Они кричали на ухо друг другу, а вокруг царил ад. Метрах в пятнадцати от них разрывом подбросило лошадиные ноги, они взлетели и рухнули в вихре листвы на землю.
— Как быть-то? — опять спросил Редькин, выждав редкую секунду тишины между взрывами. Борис взглянул на командира, тот отвел глаза.
— Вы хотите оставить раненых? — крикнул Борис.
Редькин отвернулся. У Бориса волосы поднялись дыбом. Он знал, что делают немцы с партизанскими ранеными. Он не отрываясь смотрел на командира. В это время минометы накрыли госпиталь. Полетели вверх куски носилок, шинелей и ватников, куски человеческих тел.
Борис кинулся туда, но Редькин за рукав свалил его рядом.
— Доктор! — крикнул он, глядя в упор на Бориса своими бешеными глазами. — У меня выхода нет! С ранеными я пропал! Без них я передушу еще сотню гансов и вырвусь! — Он затряс Бориса за ворот. — Понимаешь? Я не могу их брать с собой!

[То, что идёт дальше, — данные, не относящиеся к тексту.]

(* Let $N,p,q\in\mathbb{N}$ with $p+q\le N$, let $t=N-p-q$, let $\lambda$ be a partition of length $\le N$, and let $A$ be an $N\times t$ matrix (possibly empty). Let $u=(u_1,\ldots,u_p)$, $v=(v_1,\ldots,v_q)$ be indeterminates (or elements of a field with $u_i\ne v_k$ for all $i,k$). Let $D$ be the determinant of the $N\times N$ matrix whose first $t$ columns are those of $A$, whose column $t+i$ ($1\le i\le p$) is $\operatorname{H}^N_{t+i,\lambda}(u_i,\ldots,u_p,v_1,\ldots,v_q)$, and whose column $t+p+i$ ($1\le i\le q$) is $\operatorname{H}^N_{t+p+i,\lambda}(v_i,\ldots,v_q)$. Let $D'$ be the determinant of the matrix obtained by replacing, for $1\le i\le p$, column $t+i$ by $\operatorname{H}^N_{t+q+i,\lambda}(u_i,\ldots,u_p)$ (other columns unchanged), and let $D''$ be the determinant of the matrix obtained from that one by reversing the order of columns $t+1,\ldots,t+p$. Then \[ D=\frac{D'}{\prod_{i=1}^p\prod_{k=1}^q(u_i-v_k)}=\frac{D''}{(-1)^{p(p-1)/2}\prod_{i=1}^p\prod_{k=1}^q(u_i-v_k)}. \]
   Context: $\hom_m$ is the complete homogeneous symmetric polynomial of degree $m$ ($\hom_0=1$, $\hom_m=0$ for $m<0$). Partitions are extended by zeros: $\lambda_j=0$ beyond the length. For $s\in\mathbb{N}_0$ and variables $t_1,\ldots,t_m$, $\operatorname{H}^N_{s,\lambda}(t_1,\ldots,t_m)$ denotes the column vector $\bigl[\hom_{s+\lambda_j-j}(t_1,\ldots,t_m)\bigr]_{j=1}^N$. *)

theory Defs
  imports "Jordan_Normal_Form.Determinant"
begin

text \<open>Complete homogeneous symmetric polynomial h_m evaluated at the list of
  field elements ts (sum of all monomials of total degree m in ts);
  h_0 = 1, h_m = 0 for m < 0.  Defined by the standard recursion
  h_m(x, ts) = sum_{j=0..m} x^j h_{m-j}(ts).\<close>
fun hom :: "int \<Rightarrow> 'a::comm_ring_1 list \<Rightarrow> 'a" where
  "hom m [] = (if m = 0 then 1 else 0)"
| "hom m (x # xs) = (if m < 0 then 0 else (\<Sum>j\<in>{0..nat m}. x ^ j * hom (m - int j) xs))"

Борис, не отвечая, долго смотрел на его закопченное яростное лицо.
— Я останусь, — сказал Борис.
Редькин отпустил его воротник. Отвел глаза.
— Спасибо, друг! — наконец сказал он. — Не думай — я все понимаю... Только не могу я вас взять с собой... Я немчуру бить хочу, понимаешь?.. А с госпиталем они нас бить будут!
В это время грохнул отдаленный взрыв, и тотчас же еще и еще. Потом с минуту далеко у противника что-то рвалось и грохало. Редькин вытер фуражкой лицо и просветлел:
— Накрыли минометы мои хлопцы. Шибаев — цены ему нет!
Подполз Копп. Шепелявя и заикаясь, рассказал Борису о положении дел.
— Что он там бормочет? — спросил Редькин.
— Говорит, осталось пять человек в живых. Двое умрут через час-два.
— Если так — ладно! — Редькин, вытянув шею, смотрел сквозь кустарник в сторону болота. — Ежели сейчас еще тяжелых не подволокут, возьмем с собой.
Он вскочил и пошел вдоль кустарника, осматривая позиции бойцов. Где-то ржала лошадь. Тянуло пороховой гарью. Перебежками спешили к лазарету легко раненные, двух вели под руки. У Бориса тяжко набухло и забилось сердце. Если их будет много, беспощадный Редькин бросит его здесь вместе с ними. Он с ужасом представил себе, что будет. Руки у него тряслись. Он провел языком по сухим губам и выпрямился. Раскис! Что будет, то будет. Ему поручают людей, и он отвечает за их жизнь... Страшный ты человек, командир Редькин. Ведь придут эсэсовцы...
— Доктор, посмотрите! — Двое положили около него пожилого мужика с окровавленным лицом. Он оглянулся. Верный Копп с манеркой воды и бутылью спирта был рядом. Около него, еще не придя в себя, безумно разглядывала всех чумазая Надя.
Человек стонал. Стон был глухой, рвущийся. Борис ощупал голову, смочил и промыл рану. Череп был весь разворочен. Виден был мозг. Человеку жить оставалось мало. Репнев приказал Коппу и Наде отнести его к остальным. Раненый сипел, а не стонал.
Второй был контужен и только мотал головой, приходя в себя. Борис, осматривая остальных раненых, почти непроизвольно пытался их зачислить в ходячие... Он боролся с собой, но ничего не мог поделать, страх путал мысли... Эсэсовцы, подходящие со всех сторон, поигрывая автоматами, и он с ранеными... Он застонал от яви этой галлюцинации.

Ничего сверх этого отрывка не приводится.